The low level description for the BLZ format follows. It must be noted that with the implementation is almost complete, except for the fact that that superchunks are not yet there.
The data files will be made of a series of chunks put together using the Blosc metacompressor by default. Blosc being a metacompressor, means that it can use different compressors and filters, while leveraging its blocking and multithreading capabilities.
For every dataset, it will be created a directory, with a user-provided name that, for generality, we will call it root here. The root will have another couple of subdirectories, named data and meta:
root (the name of the dataset)
/ \
data meta
The data directory will contain the actual data of the dataset, while the meta will contain the metainformation (dtype, shape, chunkshape, compression level, filters...).
Data will be stored by what is called a superchunk, and each superchunk will use exactly one file.
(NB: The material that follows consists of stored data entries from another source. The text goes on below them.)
(* Let $\delta\in(0,1)$. For any $\lambda\in G_\delta$ and any contraction $T$ on a Hilbert space $\mathcal{M}$, the operator $1-\tfrac12\lambda T^*$ is invertible, so that $\lambda_T=(\delta T^*-\tfrac12\lambda)(1-\tfrac12\lambda T^* )^{-1}$ is a well-defined bounded operator on $\mathcal{M}$, and $\|\lambda_T\|<1$. Moreover, for a contraction $T$ on $\mathcal{M}$, the map $G_\delta\to\mathcal{B}(\mathcal{M})$, $\lambda\mapsto\lambda_T$, is holomorphic on $G_\delta$.
   Context: $G_\delta=\{x+iy: x,y\in\mathbb{R},\ \frac{x^2}{(1+\delta)^2}+\frac{y^2}{(1-\delta)^2}<1\}$. *)

theory Defs
  imports "HOL-Analysis.Analysis"
begin

text \<open>Complex Hilbert spaces: the library only has real inner product spaces, so we
  introduce a class of complex Hilbert spaces.  The inner product is conjugate-linear
  in the first and linear in the second argument, the norm is the one induced by the
  inner product, and the space is complete.\<close>

class chilbert = real_normed_vector + complete_space +
  fixes scaleC :: "complex \<Rightarrow> 'a \<Rightarrow> 'a"
    and cinner :: "'a \<Rightarrow> 'a \<Rightarrow> complex"
  assumes scaleC_add_right: "scaleC c (x + y) = scaleC c x + scaleC c y"
    and scaleC_add_left: "scaleC (b + c) x = scaleC b x + scaleC c x"
    and scaleC_scaleC: "scaleC b (scaleC c x) = scaleC (b * c) x"
    and scaleC_of_real: "scaleC (complex_of_real r) x = scaleR r x"
    and cinner_cnj: "cinner x y = cnj (cinner y x)"
    and cinner_add_left: "cinner (x + y) z = cinner x z + cinner y z"
    and cinner_scaleC_left: "cinner (scaleC c x) y = cnj c * cinner x y"
    and norm_cinner: "norm x = sqrt (Re (cinner x x))"

text \<open>A bounded operator on the Hilbert space: a bounded (real-)linear map that is
  moreover complex linear.\<close>
definition is_cbounded :: "('a::chilbert \<Rightarrow>\<^sub>L 'a) \<Rightarrow> bool" where
  "is_cbounded T \<longleftrightarrow> (\<forall>c x. blinfun_apply T (scaleC c x) = scaleC c (blinfun_apply T x))"

definition is_contraction :: "('a::chilbert \<Rightarrow>\<^sub>L 'a) \<Rightarrow> bool" where
  "is_contraction T \<longleftrightarrow> is_cbounded T \<and> norm T \<le> 1"

definition adj :: "('a::chilbert \<Rightarrow>\<^sub>L 'a) \<Rightarrow> ('a \<Rightarrow>\<^sub>L 'a)" where
  "adj T = (THE S. \<forall>x y. cinner (blinfun_apply S x) y = cinner x (blinfun_apply T y))"

definition opscale :: "complex \<Rightarrow> ('a::chilbert \<Rightarrow>\<^sub>L 'a) \<Rightarrow> ('a \<Rightarrow>\<^sub>L 'a)" where
  "opscale c A = Blinfun (\<lambda>x. scaleC c (blinfun_apply A x))"

definition op_invertible :: "('a::chilbert \<Rightarrow>\<^sub>L 'a) \<Rightarrow> bool" where
  "op_invertible A \<longleftrightarrow> (\<exists>B. B o\<^sub>L A = id_blinfun \<and> A o\<^sub>L B = id_blinfun)"

definition op_inv :: "('a::chilbert \<Rightarrow>\<^sub>L 'a) \<Rightarrow> ('a \<Rightarrow>\<^sub>L 'a)" where
  "op_inv A = (THE B. B o\<^sub>L A = id_blinfun \<and> A o\<^sub>L B = id_blinfun)"

definition G :: "real \<Rightarrow> complex set" where
  "G \<delta> = {z. (Re z)\<^sup>2 / (1 + \<delta>)\<^sup>2 + (Im z)\<^sup>2 / (1 - \<delta>)\<^sup>2 < 1}"

definition lamT :: "real \<Rightarrow> complex \<Rightarrow> ('a::chilbert \<Rightarrow>\<^sub>L 'a) \<Rightarrow> ('a \<Rightarrow>\<^sub>L 'a)" where
  "lamT \<delta> l T = (opscale (complex_of_real \<delta>) (adj T) - opscale (l / 2) id_blinfun)
      o\<^sub>L op_inv (id_blinfun - opscale (l / 2) (adj T))"

definition op_holomorphic_on :: "(complex \<Rightarrow> ('a::chilbert \<Rightarrow>\<^sub>L 'a)) \<Rightarrow> complex set \<Rightarrow> bool" where
  "op_holomorphic_on f S \<longleftrightarrow>
     (\<forall>z\<in>S. \<exists>D. ((\<lambda>w. opscale (inverse (w - z)) (f w - f z)) \<longlongrightarrow> D) (at z))"

end

theory Submission
  imports Defs
begin

text \<open>
  Write A for the adjoint of the contraction T and mu = lambda / 2. Membership of lambda in
  G_delta is equivalent to 2 |mu - delta cnj mu| < 1 - delta^2 and forces |mu| < (1 + delta) / 2 < 1,
  so 1 - mu A is invertible by the Neumann series. The identity
    ||y - mu A y||^2 - ||delta A y - mu y||^2
      = (1 - |mu|^2) ||y||^2 - (delta^2 - |mu|^2) ||A y||^2 - 2 Re ((mu - delta cnj mu) (y, A y)),
  together with ||A y|| <= ||y|| and the Cauchy-Schwarz inequality, gives a c > 0 with
  ||(delta A - mu) y||^2 + c ||y||^2 <= ||(1 - mu A) y||^2 for all y; substituting
  y = (1 - mu A)^-1 x bounds the norm of lambda_T strictly below 1. Holomorphy follows from the
  resolvent identity, which writes the difference quotient of lambda_T through resolvents that
  depend continuously on lambda. The adjoint comes from the Riesz representation theorem, i.e.
  from the element of minimal norm in a closed affine hyperplane.
\<close>

section \<open>Complex Hilbert spaces\<close>

lemma scaleC_one [simp]: "scaleC 1 (x::'a::chilbert) = x"
  using scaleC_of_real[of 1 x] by simp

subclass (in chilbert) banach ..

interpretation complex_vs: vector_space "scaleC :: complex \<Rightarrow> 'a::chilbert \<Rightarrow> 'a"
  by unfold_locales (simp_all add: scaleC_add_right scaleC_add_left scaleC_scaleC)

lemma scaleC_scaleR_commute: "scaleC c (scaleR r (x::'a::chilbert)) = scaleR r (scaleC c x)"
  by (simp only: scaleC_of_real[symmetric] scaleC_scaleC mult.commute)

lemma cinner_add_right: "cinner (x::'a::chilbert) (y + z) = cinner x y + cinner x z"
  by (subst (1 2 3) cinner_cnj) (simp add: cinner_add_left)

lemma cinner_scaleC_right: "cinner (x::'a::chilbert) (scaleC c y) = c * cinner x y"
  by (subst (1 2) cinner_cnj) (simp add: cinner_scaleC_left)

lemma cinner_scaleR_left: "cinner (scaleR r x) (y::'a::chilbert) = of_real r * cinner x y"
  using cinner_scaleC_left[of "of_real r" x y] by (simp add: scaleC_of_real)

lemma cinner_zero_left [simp]: "cinner 0 (y::'a::chilbert) = 0"
  using cinner_scaleR_left[of 0 0 y] by simp

lemma cinner_minus_left: "cinner (- x) (y::'a::chilbert) = - cinner x y"
  using cinner_scaleR_left[of "-1" x y] by simp

lemma cinner_minus_right: "cinner x (- y::'a::chilbert) = - cinner x y"
  by (subst (1 2) cinner_cnj) (simp add: cinner_minus_left)

lemma cinner_diff_left: "cinner (x - z) (y::'a::chilbert) = cinner x y - cinner z y"
  using cinner_add_left[of x "-z" y] by (simp add: cinner_minus_left)

lemma cinner_diff_right: "cinner x (y - z::'a::chilbert) = cinner x y - cinner x z"
  using cinner_add_right[of x y "-z"] by (simp add: cinner_minus_right)

lemma cinner_self: "cinner x (x::'a::chilbert) = of_real ((norm x)\<^sup>2)"
proof -
  have "Im (cinner x x) = 0"
    using arg_cong[OF cinner_cnj[of x x], where f = Im] by simp
  moreover have "Re (cinner x x) \<ge> 0"
    using norm_cinner[of x] norm_ge_zero[of x] by (metis real_sqrt_lt_0_iff not_le)
  ultimately show ?thesis
    using norm_cinner[of x] by (simp add: complex_eq_iff)
qed

lemma Re_cinner_self: "Re (cinner x x) = (norm (x::'a::chilbert))\<^sup>2"
  by (simp only: cinner_self Re_complex_of_real)

lemma norm_scaleC: "norm (scaleC c (x::'a::chilbert)) = cmod c * norm x"
proof -
  have "of_real ((norm (scaleC c x))\<^sup>2) = cnj c * c * of_real ((norm x)\<^sup>2)"
    by (simp only: cinner_self[symmetric] cinner_scaleC_left cinner_scaleC_right mult.assoc mult.left_commute)
  also have "\<dots> = of_real ((cmod c * norm x)\<^sup>2)"
    by (simp add: complex_mult_cnj cmod_power2 power_mult_distrib mult.commute)
  finally have "(norm (scaleC c x))\<^sup>2 = (cmod c * norm x)\<^sup>2"
    by (simp only: of_real_eq_iff)
  then show ?thesis
    by (simp add: power2_eq_iff_nonneg)
qed

lemma norm_add_sq:
  "(norm (a + (b::'a::chilbert)))\<^sup>2 = (norm a)\<^sup>2 + (norm b)\<^sup>2 + 2 * Re (cinner a b)"
proof -
  have "of_real ((norm (a + b))\<^sup>2) = cinner a a + cinner b b + cinner a b + cinner b a"
    by (simp only: cinner_self[symmetric] cinner_add_left cinner_add_right add_ac)
  then have "(norm (a + b))\<^sup>2 = Re (cinner a a + cinner b b + cinner a b + cinner b a)"
    by (metis Re_complex_of_real)
  moreover have "Re (cinner b a) = Re (cinner a b)"
    using arg_cong[OF cinner_cnj[of b a], where f = Re] by simp
  ultimately show ?thesis
    by (simp add: cinner_self)
qed

lemma norm_diff_sq:
  "(norm (a - (b::'a::chilbert)))\<^sup>2 = (norm a)\<^sup>2 + (norm b)\<^sup>2 - 2 * Re (cinner a b)"
  using norm_add_sq[of a "- b"] by (simp add: cinner_minus_right)

lemma parallelogram_law:
  "(norm (a + b))\<^sup>2 + (norm (a - b))\<^sup>2 = 2 * (norm a)\<^sup>2 + 2 * (norm (b::'a::chilbert))\<^sup>2"
  by (simp add: norm_add_sq norm_diff_sq)

lemma norm_diff_projection_sq:
  fixes u k :: "'a::chilbert"
  assumes "k \<noteq> 0"
  shows "(norm (u - scaleC (cinner k u / of_real ((norm k)\<^sup>2)) k))\<^sup>2
           = (norm u)\<^sup>2 - (cmod (cinner k u))\<^sup>2 / (norm k)\<^sup>2"
proof -
  define t where "t = cinner k u / of_real ((norm k)\<^sup>2)"
  have "t * cinner u k = of_real ((cmod (cinner k u))\<^sup>2 / (norm k)\<^sup>2)"
    unfolding t_def using cinner_cnj[of u k]
    by (simp add: complex_mult_cnj cmod_power2 mult.commute)
  moreover have "cmod t = cmod (cinner k u) / (norm k)\<^sup>2"
    unfolding t_def by (simp add: norm_divide norm_power)
  then have "(cmod t)\<^sup>2 * (norm k)\<^sup>2 = (cmod (cinner k u))\<^sup>2 / (norm k)\<^sup>2"
    using assms by (simp add: power_divide power2_eq_square)
  ultimately show ?thesis
    unfolding t_def[symmetric]
    by (simp add: norm_diff_sq norm_scaleC cinner_scaleC_right power_mult_distrib)
qed

lemma cmod_cinner_le: "cmod (cinner x y) \<le> norm x * norm (y::'a::chilbert)"
proof (cases "x = 0")
  case True
  then show ?thesis
    by simp
next
  case False
  then have "(cmod (cinner x y))\<^sup>2 / (norm x)\<^sup>2 \<le> (norm y)\<^sup>2"
    using norm_diff_projection_sq[of x y] by (metis diff_ge_0_iff_ge zero_le_power2)
  then have "(cmod (cinner x y))\<^sup>2 \<le> (norm x * norm y)\<^sup>2"
    using False by (simp add: divide_le_eq power_mult_distrib mult.commute)
  then show ?thesis
    by (rule power2_le_imp_le) simp
qed

lemma cinner_eq_0_if_norm_minimal:
  fixes u k :: "'a::chilbert"
  assumes "\<And>t. norm u \<le> norm (u + scaleC t k)"
  shows "cinner k u = 0"
proof (cases "k = 0")
  case True
  then show ?thesis
    by simp
next
  case False
  define t where "t = - (cinner k u / of_real ((norm k)\<^sup>2))"
  have eq: "u + scaleC t k = u - scaleC (cinner k u / of_real ((norm k)\<^sup>2)) k"
    unfolding t_def using complex_vs.scale_minus_left by simp
  have "(norm u)\<^sup>2 \<le> (norm (u - scaleC (cinner k u / of_real ((norm k)\<^sup>2)) k))\<^sup>2"
    using power_mono[OF assms[of t] norm_ge_zero, of 2] by (simp only: eq)
  then have "(cmod (cinner k u))\<^sup>2 / (norm k)\<^sup>2 \<le> 0"
    using norm_diff_projection_sq[OF False, of u] by linarith
  then show ?thesis
    using False by (simp add: divide_le_0_iff)
qed

lemma cinner_ext: "(\<And>y. cinner a y = cinner b y) \<Longrightarrow> a = (b::'a::chilbert)"
  using cinner_self[of "a - b"] by (simp add: cinner_diff_left)

lemma bounded_linear_cinner_right: "bounded_linear (cinner (x::'a::chilbert))"
proof (rule bounded_linear_intro[where K = "norm x"])
  show "cinner x (y + z) = cinner x y + cinner x z" for y z
    by (rule cinner_add_right)
  show "cinner x (r *\<^sub>R y) = r *\<^sub>R cinner x y" for r y
    using cinner_scaleC_right[of x "of_real r" y] by (simp add: scaleC_of_real scaleR_conv_of_real)
  show "norm (cinner x y) \<le> norm y * norm x" for y
    using cmod_cinner_le[of x y] by (simp add: mult.commute)
qed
The size of each superchunk will be decided automatically by default, but it could be specified by the user too.
Each of these directories will contain one or more superchunks for storing the actual data. Every data superchunk will be named after its sequential number. For example:
$ ls data
__1__.bin __2__.bin __3__.bin __4__.bin ... __1030__.bin
This structure of separate superchunk files allows for two things:
At its time, the data directory might contain other subdirectories that are meant for storing components for a ‘nested’ dtype (i.e. an structured array, stored in column-wise order):
data (the root for a nested datatype)
/ \ \
col1 col2 col3
/ \
sc1 sc3
This structure allows for quick access to specific chunks of columns without a need to load the complete dataset in memory.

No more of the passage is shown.